Prioritize the Process, Not Just the Outcome: Rewarding Latent Thought Trajectories Improves Reasoning in Looped Language Models
This work solves the issue of inefficient credit assignment in reinforcement learning for LoopLMs, benefiting researchers and practitioners in AI reasoning by providing a method that enhances performance on mathematical and non-mathematical benchmarks, though it is incremental as it builds on existing LoopLM and GRPO frameworks.
The paper tackled the problem of improving reasoning in Looped Language Models (LoopLMs) by addressing the mismatch in reinforcement learning objectives that only reward final outcomes, introducing RLTT to distribute rewards across latent reasoning trajectories, which resulted in accuracy improvements of +14.4% on MATH-500, +16.6% on AIME24, and +10.0% on BeyondAIME.
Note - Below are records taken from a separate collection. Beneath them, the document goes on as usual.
lemma ext_scale_one [simp]: "ext_scale 1 x = x"
  by (rule ext) (simp add: ext_scale_def)

lemma ext_scale_zero [simp]: "ext_scale c (\<lambda>_. 0) = (\<lambda>_. 0)"
  by (rule ext) (simp add: ext_scale_def)

lemma inv_count_empty [simp]: "inv_count {} S = 0" "inv_count S {} = 0"
  by (auto simp: inv_count_def)

lemma inv_count_singletons: "inv_count {p} {q} = (if q < p then 1 else 0)"
proof -
  have "{(a, b). a \<in> {p} \<and> b \<in> {q} \<and> b < a} = (if q < p then {(p, q)} else {})" by auto
  then show ?thesis by (simp add: inv_count_def)
qed

lemma inv_count_singleton_left:
  assumes "finite S"
  shows "inv_count {a} S = length (filter (\<lambda>b. b < a) (sorted_list_of_set S))"
proof -
  have "{(a', b). a' \<in> {a} \<and> b \<in> S \<and> b < a'} = (\<lambda>b. (a, b)) ` ({b. b < a} \<inter> S)" by auto
  then have "inv_count {a} S = card ({b. b < a} \<inter> S)"
    unfolding inv_count_def by (simp add: card_image inj_on_def)
  also have "\<dots> = length (filter (\<lambda>b. b < a) (sorted_list_of_set S))"
    using assms by (simp add: distinct_length_filter)
  finally show ?thesis .
qed

lemma inv_count_Un_left:
  assumes "finite B" "finite C" "finite D" "B \<inter> C = {}"
  shows "inv_count (B \<union> C) D = inv_count B D + inv_count C D"
proof -
  have "{(a, b). a \<in> B \<union> C \<and> b \<in> D \<and> b < a}
      = {(a, b). a \<in> B \<and> b \<in> D \<and> b < a} \<union> {(a, b). a \<in> C \<and> b \<in> D \<and> b < a}" by auto
  moreover have "finite {(a, b). a \<in> B \<and> b \<in> D \<and> b < a}" "finite {(a, b). a \<in> C \<and> b \<in> D \<and> b < a}"
    by (rule finite_subset[of _ "B \<times> D"] finite_subset[of _ "C \<times> D"]; use assms in auto)+
  ultimately show ?thesis
    unfolding inv_count_def using assms(4) by (subst card_Un_disjoint[symmetric]) auto
qed

lemma inv_count_Un_right:
  assumes "finite B" "finite C" "finite D" "C \<inter> D = {}"
  shows "inv_count B (C \<union> D) = inv_count B C + inv_count B D"
proof -
  have "{(a, b). a \<in> B \<and> b \<in> C \<union> D \<and> b < a}
      = {(a, b). a \<in> B \<and> b \<in> C \<and> b < a} \<union> {(a, b). a \<in> B \<and> b \<in> D \<and> b < a}" by auto
  moreover have "finite {(a, b). a \<in> B \<and> b \<in> C \<and> b < a}" "finite {(a, b). a \<in> B \<and> b \<in> D \<and> b < a}"
    by (rule finite_subset[of _ "B \<times> C"] finite_subset[of _ "B \<times> D"]; use assms in auto)+
  ultimately show ?thesis
    unfolding inv_count_def using assms(4) by (subst card_Un_disjoint[symmetric]) auto
qed

lemma inv_count_cocycle:
  assumes "finite S" "B \<subseteq> S" "C \<subseteq> S - B"
  shows "inv_count (B \<union> C) (S - B - C) + inv_count B C = inv_count B (S - B) + inv_count C (S - B - C)"
proof -
  have fin: "finite B" "finite C" "finite (S - B - C)"
    using assms by (auto intro: finite_subset)
  have "S - B = C \<union> (S - B - C)" using assms(3) by auto
  then have "inv_count B (S - B) = inv_count B C + inv_count B (S - B - C)"
    using fin inv_count_Un_right[of B C "S - B - C"] by auto
  moreover have "inv_count (B \<union> C) (S - B - C) = inv_count B (S - B - C) + inv_count C (S - B - C)"
    using fin assms(3) by (intro inv_count_Un_left) auto
  ultimately show ?thesis by simp
qed

lemma sum_Pow_Pow_reindex:
  assumes "finite S"
  shows "(\<Sum>A\<in>Pow S. \<Sum>B\<in>Pow A. f A B) = (\<Sum>B\<in>Pow S. \<Sum>C\<in>Pow (S - B). f (B \<union> C) B)"
proof -
  have fin: "\<And>A. A \<subseteq> S \<Longrightarrow> finite A" using assms finite_subset by blast
  have "(\<Sum>A\<in>Pow S. \<Sum>B\<in>Pow A. f A B) = (\<Sum>(A, B)\<in>Sigma (Pow S) Pow. f A B)"
    by (rule sum.Sigma) (use assms fin in auto)
  also have "\<dots> = (\<Sum>(B, C)\<in>Sigma (Pow S) (\<lambda>B. Pow (S - B)). f (B \<union> C) B)"
    by (rule sum.reindex_bij_witness[where j = "\<lambda>(A, B). (B, A - B)" and i = "\<lambda>(B, C). (B \<union> C, B)"])
       (auto simp: Un_absorb1 Diff_partition)
  also have "\<dots> = (\<Sum>B\<in>Pow S. \<Sum>C\<in>Pow (S - B). f (B \<union> C) B)"
    by (rule sum.Sigma[symmetric]) (use assms in auto)
  finally show ?thesis .
qed

lemma ext_mult_assoc: "ext_mult (ext_mult x y) z = ext_mult x (ext_mult y z)"
proof (rule ext)
  fix S :: "(nat \<times> nat) set"
  show "ext_mult (ext_mult x y) z S = ext_mult x (ext_mult y z) S"
  proof (cases "finite S")
    case False
    then show ?thesis by (simp add: ext_mult_def)
  next
    case True
    have fin: "\<And>A. A \<subseteq> S \<Longrightarrow> finite A" using True finite_subset by blast
    let ?t = "\<lambda>B C. (-1) ^ (inv_count B (S - B) + inv_count C (S - B - C)) * x B * y C * z (S - B - C)"
    have "ext_mult (ext_mult x y) z S = (\<Sum>A\<in>Pow S. \<Sum>B\<in>Pow A.
        (-1) ^ (inv_count A (S - A) + inv_count B (A - B)) * x B * y (A - B) * z (S - A))"
      using True fin by (auto simp: ext_mult_def sum_distrib_left sum_distrib_right power_add mult_ac
          intro!: sum.cong)
    also have "\<dots> = (\<Sum>B\<in>Pow S. \<Sum>C\<in>Pow (S - B). ?t B C)"
      unfolding sum_Pow_Pow_reindex[OF True]
    proof (intro sum.cong refl)
      fix B C assume "B \<in> Pow S" "C \<in> Pow (S - B)"
      then have "B \<union> C - B = C" "S - (B \<union> C) = S - B - C"
        and "inv_count (B \<union> C) (S - B - C) + inv_count B C = inv_count B (S - B) + inv_count C (S - B - C)"
        using inv_count_cocycle[OF True] by auto
      then show "(-1) ^ (inv_count (B \<union> C) (S - (B \<union> C)) + inv_count B (B \<union> C - B)) * x B
          * y (B \<union> C - B) * z (S - (B \<union> C)) = ?t B C" by simp
    qed
    also have "\<dots> = ext_mult x (ext_mult y z) S"
      using True fin by (auto simp: ext_mult_def sum_distrib_left sum_distrib_right power_add mult_ac
          intro!: sum.cong)
    finally show ?thesis .
  qed
qed

lemma ext_mult_sum_left: "finite I \<Longrightarrow> ext_mult (ext_sum f I) y = ext_sum (\<lambda>i. ext_mult (f i) y) I"
  by (rule ext) (auto simp: ext_mult_def ext_sum_def sum_distrib_left sum_distrib_right intro: sum.swap)

lemma ext_mult_sum_right: "finite I \<Longrightarrow> ext_mult x (ext_sum f I) = ext_sum (\<lambda>i. ext_mult x (f i)) I"
  by (rule ext) (auto simp: ext_mult_def ext_sum_def sum_distrib_left sum_distrib_right intro: sum.swap)

lemma ext_mult_scale_left: "ext_mult (ext_scale c x) y = ext_scale c (ext_mult x y)"
  by (rule ext) (auto simp: ext_mult_def ext_scale_def sum_distrib_left mult_ac)

lemma ext_mult_scale_right: "ext_mult x (ext_scale c y) = ext_scale c (ext_mult x y)"
  by (rule ext) (auto simp: ext_mult_def ext_scale_def sum_distrib_left mult_ac)

lemma ext_mult_zero_left [simp]: "ext_mult (\<lambda>_. 0) y = (\<lambda>_. 0)"
  by (rule ext) (simp add: ext_mult_def)

lemma ext_mult_zero_right [simp]: "ext_mult x (\<lambda>_. 0) = (\<lambda>_. 0)"
  by (rule ext) (simp add: ext_mult_def)

lemmas ext_mult_linear =
  ext_mult_sum_left ext_mult_sum_right ext_mult_scale_left ext_mult_scale_right ext_scale_scale

lemma ext_finitary_mult: "ext_finitary (ext_mult x y)"
  by (simp add: ext_finitary_def ext_mult_def)

lemma ext_finitary_one: "ext_finitary ext_one"
  by (auto simp: ext_finitary_def ext_one_def)

lemma ext_finitary_prod_list: "ext_finitary (ext_prod_list xs)"
  by (cases xs) (auto simp: ext_prod_list_def ext_finitary_one ext_finitary_mult)

lemma ext_one_left: "ext_finitary y \<Longrightarrow> ext_mult ext_one y = y"
proof (rule ext)
  fix S assume y: "ext_finitary y"
  show "ext_mult ext_one y S = y S"
  proof (cases "finite S")
    case True
    have "ext_mult ext_one y S = (\<Sum>A\<in>Pow S. (-1) ^ inv_count A (S - A) * ext_one A * y (S - A))"
      using True by (simp add: ext_mult_def)
    also have "\<dots> = (\<Sum>A\<in>Pow S. if A = {} then y S else 0)"
      by (rule sum.cong[OF refl]) (auto simp: ext_one_def)
    finally show ?thesis using True by simp
  qed (use y in \<open>simp add: ext_mult_def ext_finitary_def\<close>)
qed

lemma ext_one_right: "ext_finitary x \<Longrightarrow> ext_mult x ext_one = x"
proof (rule ext)
  fix S assume x: "ext_finitary x"
  show "ext_mult x ext_one S = x S"
  proof (cases "finite S")
    case True
    have "ext_mult x ext_one S = (\<Sum>A\<in>Pow S. (-1) ^ inv_count A (S - A) * x A * ext_one (S - A))"
      using True by (simp add: ext_mult_def)
    also have "\<dots> = (\<Sum>A\<in>Pow S. if A = S then x S else 0)"
      by (rule sum.cong[OF refl]) (auto simp: ext_one_def)
    finally show ?thesis using True by simp
  qed (use x in \<open>simp add: ext_mult_def ext_finitary_def\<close>)
qed

lemma ext_prod_list_Nil: "ext_prod_list [] = ext_one"
  by (simp add: ext_prod_list_def)

lemma ext_prod_list_Cons: "ext_prod_list (x # xs) = ext_mult x (ext_prod_list xs)"
  by (simp add: ext_prod_list_def)

lemma ext_prod_list_append:
  "ext_prod_list (xs @ ys) = ext_mult (ext_prod_list xs) (ext_prod_list ys)"
  by (induction xs)
     (simp_all add: ext_prod_list_Nil ext_prod_list_Cons ext_one_left ext_finitary_prod_list ext_mult_assoc)


lemma ext_deg1_mult:
  assumes "ext_deg1 x" "ext_deg1 y" "finite S"
  shows "ext_mult x y S = (\<Sum>p\<in>S. (-1) ^ inv_count {p} (S - {p}) * x {p} * y (S - {p}))"
proof -
  have "ext_mult x y S = (\<Sum>A\<in>Pow S. (-1) ^ inv_count A (S - A) * x A * y (S - A))"
    using assms by (simp add: ext_mult_def)
  also have "\<dots> = (\<Sum>A\<in>(\<lambda>p. {p}) ` S. (-1) ^ inv_count A (S - A) * x A * y (S - A))"
  proof (rule sum.mono_neutral_right)
    show "\<forall>A\<in>Pow S - (\<lambda>p. {p}) ` S. (-1) ^ inv_count A (S - A) * x A * y (S - A) = 0"
      using assms(1) by (auto simp: ext_deg1_def card_1_singleton_iff)
  qed (use assms in auto)
  also have "\<dots> = (\<Sum>p\<in>S. (-1) ^ inv_count {p} (S - {p}) * x {p} * y (S - {p}))"
    by (subst sum.reindex) (auto simp: inj_on_def)
  finally show ?thesis .
qed

lemma ext_deg1_anticomm:
  assumes x: "ext_deg1 x" and y: "ext_deg1 y"
  shows "ext_mult x y = ext_scale (-1) (ext_mult y x)"
proof (rule ext)
  fix S :: "(nat \<times> nat) set"
  show "ext_mult x y S = ext_scale (-1) (ext_mult y x) S"
  proof (cases "finite S")
    case False
    then show ?thesis by (simp add: ext_mult_def ext_scale_def)
  next
    case True
    note expand = ext_deg1_mult[OF x y True] ext_deg1_mult[OF y x True]
    show ?thesis
    proof (cases "card S = 2")
      case False
      then have vanish: "\<And>z p. ext_deg1 z \<Longrightarrow> p \<in> S \<Longrightarrow> z (S - {p}) = 0"
        using True by (auto simp: ext_deg1_def)
      show ?thesis unfolding expand ext_scale_def using vanish[OF x] vanish[OF y] by simp
    next
      case True
      then obtain p q where S: "S = {p, q}" and "p \<noteq> q" by (auto simp: card_2_iff)
      then have "{p, q} - {p} = {q}" "{p, q} - {q} = {p}" "p < q \<or> q < p" by auto
      then show ?thesis unfolding ext_scale_def expand unfolding S
        using \<open>p \<noteq> q\<close> by (auto simp: inv_count_singletons algebra_simps)
    qed
  qed
qed

lemma ext_deg1_square: "ext_deg1 x \<Longrightarrow> ext_mult x x = (\<lambda>_. 0)"
  using ext_deg1_anticomm[of x x] by (auto simp: fun_eq_iff ext_scale_def)

lemma ext_deg1_wedge2: "ext_deg1 (wedge2 i j)"
  by (auto simp: ext_deg1_def wedge2_def)

lemma ext_deg1_img: "ext_deg1 (img n g a)"
  by (auto simp: img_def ext_deg1_def ext_sum_def ext_scale_def wedge2_def case_prod_beta
      intro!: sum.neutral)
Looped Language Models (LoopLMs) perform multi-step latent reasoning prior to token generation and outperform conventional LLMs on reasoning benchmarks at smaller parameter budgets. However, attempts to further improve LoopLM reasoning with reinforcement learning have failed - standard objectives such as Group Relative Policy Optimization (GRPO) only assign credit to the final latent state, creating a fundamental mismatch with the model's internal computation. To resolve this, we introduce RLTT (Reward Latent Thought Trajectories), a reinforcement learning framework which distributes reward across the full latent reasoning trajectory. RLTT provides dense, trajectory-level credit assignment without relying on external verifiers and can directly replace GRPO with negligible overhead. Across extensive experiments with Ouro-2.6B-Thinking under identical training and inference conditions, RLTT yields substantial improvements over GRPO on challenging mathematical reasoning benchmarks, improving accuracy by +14.4% on MATH-500, +16.6% on AIME24, and +10.0% on BeyondAIME. Despite being trained exclusively on mathematics, RLTT also transfers effectively to non-mathematical reasoning benchmarks, demonstrating the effectiveness of trajectory-level credit assignment for reinforcement learning in LoopLMs.